(* Let $\{(N_n,B_n)\}_{n=1}^\infty$ be a sequence with $N_n>0$ and $B_n\subseteq\mathbb{R}$ finite with $\#B_n\ge 2$ for all $n\ge1$. For each $n$ let $B_{n,1}=B_n\cap\{0,1,\dots,N_n-1\}$ and $B_{n,2}=B_n\setminus B_{n,1}$. (1) If either $\sum_{n=1}^{\infty}\frac{\#B_{n,2}}{\#B_n}<\infty$, or $\sum_{n=1}^{\infty}\frac{\max\{|b|:b\in B_n\}}{N_1N_2\cdots N_n}<\infty$, then the infinite convolution $$\mu=\delta_{N_1^{-1}B_1}*\delta_{(N_2N_1)^{-1}B_2}*\cdots*\delta_{(N_n\cdots N_2N_1)^{-1}B_n}*\cdots$$ exists. (2) If there exists $r_0>0$ such that $$\sum_{n=1}^{\infty}\frac{\#\{b\in B_n:\ |b|>N_1N_2\cdots N_n r_0\}}{\#B_n}=\infty,$$ then the infinite convolution $\mu$ does not exist.
   Context: For a finite set $A\subseteq\mathbb{R}$, $\delta_A=\frac{1}{\#A}\sum_{a\in A}\delta_a$, where $\delta_a$ is the Dirac measure at $a$; $*$ denotes convolution of measures and $cA=\{ca:a\in A\}$. Set $\mu_n=\delta_{N_1^{-1}B_1}*\delta_{(N_2N_1)^{-1}B_2}*\cdots*\delta_{(N_n\cdots N_1)^{-1}B_n}$. The infinite convolution is said to exist if $\{\mu_n\}$ converges weakly to a Borel probability measure $\mu$, which is then the infinite convolution. *)

theory Defs
  imports "HOL-Probability.Probability" "HOL-Probability.Convolution"
begin

definition delta_set :: "real set \<Rightarrow> real measure" where
  "delta_set A = distr (uniform_count_measure A) borel (\<lambda>x. x)"

definition prodN :: "(nat \<Rightarrow> nat) \<Rightarrow> nat \<Rightarrow> real" where
  "prodN N n = (\<Prod>k\<in>{1..n}. real (N k))"

definition Bn1 :: "(nat \<Rightarrow> nat) \<Rightarrow> (nat \<Rightarrow> real set) \<Rightarrow> nat \<Rightarrow> real set" where
  "Bn1 N B n = B n \<inter> real ` {0..<N n}"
==============================
**Aim of the task**. Beginning at the line that holds "set \<Rightarrow> real", reproduce each line of the records above down to and including the last one.

**Response area**.
definition delta_set :: "real set \<Rightarrow> real measure" where
  "delta_set A = distr (uniform_count_measure A) borel (\<lambda>x. x)"

definition prodN :: "(nat \<Rightarrow> nat) \<Rightarrow> nat \<Rightarrow> real" where
  "prodN N n = (\<Prod>k\<in>{1..n}. real (N k))"

definition Bn1 :: "(nat \<Rightarrow> nat) \<Rightarrow> (nat \<Rightarrow> real set) \<Rightarrow> nat \<Rightarrow> real set" where
  "Bn1 N B n = B n \<inter> real ` {0..<N n}"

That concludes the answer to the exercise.